(* Let $x,y\in\mathbb{C}$ with $x^N+y^N=1$, and assume no denominators below vanish. Suppose the branches in the definition of $w$ are fixed so that, for all $n\in\mathbb{Z}$, $$w(x,y|n)=w(\omega^nx,y|0)\quad\text{and}\quad w(y,x|n)=w(\omega^ny,x|0),$$ and so that the chosen values of $(x/y)^{(N-1)/2}$ and $(y/x)^{(N-1)/2}$ are reciprocal, with squares $(x/y)^{N-1}$ and $(y/x)^{N-1}$ respectively. Then for every integer $n$, $$\sum_{k=0}^{N-1}w(x,y|k)\,\omega^{nk}=N\,\frac{(x/y)^{(N-1)/2}}{\lambda(y,x)}\,\frac{1}{w(y,x|n-1)}.$$
   Context: Let $N\ge2$ and $\omega=e^{2\pi i/N}$. For $x,y\in\mathbb{C}$ with $x^N+y^N=1$, define $$w(x,y|0)=y^{\frac{1-N}{2}}\prod_{j=1}^{N-1}(1-\omega^{-j}x)^{j/N}$$ for fixed choices of the fractional powers, and $$w(x,y|n)=w(x,y|0)\prod_{j=1}^{n}\frac{y}{1-\omega^jx}\quad (n\ge0),$$ extended $N$-periodically in $n$ (this function is $N$-periodic in $n$). Define $$\lambda(x,y)=\frac{(x/y)^{(N-1)/2}}{w(x,y|0)}\sum_{k=0}^{N-1}\frac{1}{w(y,x|k)},$$ and define $\lambda(y,x)$ by the same formula with $x$ and $y$ interchanged. *)

theory Defs
  imports Complex_Main
begin

definition omega :: "nat \<Rightarrow> complex" where
  "omega N = cis (2 * pi / real N)"

text \<open>W a b is a legitimate value of w(a,b|0) = b^((1-N)/2) * prod_{j=1}^{N-1} (1 - omega^(-j) a)^(j/N)
  for SOME choice of the fractional powers: c is a square root of b^(1-N), and d j is an
  N-th root of (1 - omega^(-j) a)^j.\<close>
definition is_w0 :: "nat \<Rightarrow> (complex \<Rightarrow> complex \<Rightarrow> complex) \<Rightarrow> complex \<Rightarrow> complex \<Rightarrow> bool" where
  "is_w0 N W a b \<longleftrightarrow>
     (\<exists>c d. c ^ 2 = b powi (1 - int N) \<and>
            (\<forall>j\<in>{1..N-1}. (d j) ^ N = (1 - omega N powi (- int j) * a) ^ j) \<and>
            W a b = c * (\<Prod>j=1..N-1. d j))"

definition wfun :: "nat \<Rightarrow> (complex \<Rightarrow> complex \<Rightarrow> complex) \<Rightarrow> complex \<Rightarrow> complex \<Rightarrow> int \<Rightarrow> complex" where
  "wfun N W a b n = W a b * (\<Prod>j=1..nat (n mod int N). b / (1 - omega N ^ j * a))"

text \<open>lambda(a,b) = r / w(a,b|0) * sum_{k=0}^{N-1} 1 / w(b,a|k), where r is the chosen
  value of (a/b)^((N-1)/2).\<close>
definition lam :: "nat \<Rightarrow> (complex \<Rightarrow> complex \<Rightarrow> complex) \<Rightarrow> complex \<Rightarrow> complex \<Rightarrow> complex \<Rightarrow> complex" where
  "lam N W r a b = r / W a b * (\<Sum>k=0..N-1. 1 / wfun N W b a (int k))"

end

theory Submission
  imports Defs "HOL-Computational_Algebra.Polynomial"
begin

(* Write a(k) = w(x,y|k) and b(k) = w(y,x|k); both are N-periodic, nonzero and
   satisfy the first-order recurrences
       a(k) (1 - omega^k x) = y a(k-1),     b(k) (1 - omega^k y) = x b(k-1),
   the wrap-around case k = 0 being the identity prod_j (1 - omega^j u) = 1 - u^N together
   with the curve x^N + y^N = 1.  Let F(n) = sum_k a(k) omega^(nk) be the discrete Fourier
   transform of a, and E(m) the transform of 1/a.  Shifting the summation index turns the
   recurrence for a into  x F(n+1) = (1 - omega^n y) F(n); comparing with the recurrence
   for b shows that F(n) b(n-1) = C is independent of n.  Likewise E(-n) is proportional to
   omega^n b(n).  Parseval's identity sum_n F(n) E(-n) = N^2 together with the partial
   fraction sum  sum_n omega^n / (1 - omega^n y) = N y^(N-1) / (1 - y^N)  determines
   C E(0) = N b(0) (x/y)^(N-1).  Since lambda(y,x) = t E(0) / b(0), this is the claim. *)

subsection \<open>Roots of unity\<close>

lemma omega_power: "omega N ^ k = cis (2 * pi * real k / real N)"
  by (simp add: omega_def DeMoivre mult_ac)

lemma omega_nonzero [simp]: "omega N \<noteq> 0"
  by (simp add: omega_def)

lemma omega_power_N: "N > 0 \<Longrightarrow> omega N ^ N = 1"
  by (simp add: omega_power complex_eq_iff)

lemma omega_power_mult_N: "N > 0 \<Longrightarrow> omega N ^ (n * N) = 1"
  by (simp add: power_mult[symmetric] mult.commute[of n] power_mult omega_power_N)

lemma omega_power_inj:
  assumes "N > 0" "k < N" "l < N" "omega N ^ k = omega N ^ l"
  shows "k = l"
  using bij_betw_roots_unity[OF assms(1)] assms(2-4)
  unfolding bij_betw_def inj_on_def omega_power by auto

lemma omega_powi_mod:
  assumes "N > 0"
  shows "omega N powi k = omega N ^ nat (k mod int N)"
proof -
  have "omega N powi k = omega N powi (int N * (k div int N)) * omega N powi (k mod int N)"
    by (metis omega_nonzero power_int_add div_mult_mod_eq mult.commute)
  also have "omega N powi (int N * (k div int N)) = 1"
    by (simp add: power_int_mult power_int_of_nat omega_power_N assms)
  also have "omega N powi (k mod int N) = omega N ^ nat (k mod int N)"
    using assms by (metis int_nat_eq power_int_of_nat pos_mod_sign of_nat_0_less_iff)
  finally show ?thesis by simp
qed

lemma omega_orthogonality:
  assumes "N > 0" "k < N" "l < N"
  shows "(\<Sum>n<N. omega N ^ (n * k) / omega N ^ (n * l)) = (if k = l then of_nat N else 0)"
proof (cases "k = l")
  case False
  define z where "z = omega N ^ k / omega N ^ l"
  have "z \<noteq> 1" using omega_power_inj[OF assms] False by (auto simp: z_def)
  moreover have "z ^ N = 1"
    by (simp add: z_def power_divide power_mult[symmetric] mult.commute[of _ N] power_mult
        omega_power_N assms)
  moreover have "(\<Sum>n<N. omega N ^ (n * k) / omega N ^ (n * l)) = (\<Sum>n<N. z ^ n)"
    by (simp add: z_def power_divide power_mult[symmetric] mult.commute)
  ultimately show ?thesis using False geometric_sum[of z N] by simp
qed simp
definition Lam1 :: "nat \<Rightarrow> nat \<Rightarrow> cell set" where "Lam1 k l = {1..k} \<times> {1..l}"
definition Lam2 :: "nat \<Rightarrow> nat \<Rightarrow> cell set" where "Lam2 k l = {1..k} \<times> {l+2..2*l+1}"
definition Lam3 :: "nat \<Rightarrow> nat \<Rightarrow> cell set" where "Lam3 k l = {k+2..2*k+1} \<times> {l+2..2*l+1}"
definition Lam4 :: "nat \<Rightarrow> nat \<Rightarrow> cell set" where "Lam4 k l = {k+2..2*k+1} \<times> {1..l}"
definition Del1 :: "nat \<Rightarrow> nat \<Rightarrow> cell set" where "Del1 k l = {1..k} \<times> {l+1}"
definition Del2 :: "nat \<Rightarrow> nat \<Rightarrow> cell set" where "Del2 k l = {k+1} \<times> {l+2..2*l+1}"
definition Del3 :: "nat \<Rightarrow> nat \<Rightarrow> cell set" where "Del3 k l = {k+2..2*k+1} \<times> {l+1}"
definition Del4 :: "nat \<Rightarrow> nat \<Rightarrow> cell set" where "Del4 k l = {k+1} \<times> {1..l}"
definition Cen :: "nat \<Rightarrow> nat \<Rightarrow> cell set" where "Cen k l = {(k+1, l+1)}"

definition board_partition ::
  "nat \<Rightarrow> nat \<Rightarrow> cell set \<Rightarrow> (nat \<times> nat \<times> nat \<times> nat) \<times> (nat \<times> nat \<times> nat \<times> nat) \<times> nat" where
  "board_partition k l B =
     ((card (B \<inter> Lam1 k l), card (B \<inter> Lam2 k l), card (B \<inter> Lam3 k l), card (B \<inter> Lam4 k l)),
      (card (B \<inter> Del1 k l), card (B \<inter> Del2 k l), card (B \<inter> Del3 k l), card (B \<inter> Del4 k l)),
      card (B \<inter> Cen k l))"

----

In your answer, include only the lines above starting at the line that holds "b * (\<Prod>j=1..nat" and ending at the line that holds "value of (a/b)^((N-1)/2).\<close>", copied exactly.

  "wfun N W a b n = W a b * (\<Prod>j=1..nat (n mod int N). b / (1 - omega N ^ j * a))"

text \<open>lambda(a,b) = r / w(a,b|0) * sum_{k=0}^{N-1} 1 / w(b,a|k), where r is the chosen
  value of (a/b)^((N-1)/2).\<close>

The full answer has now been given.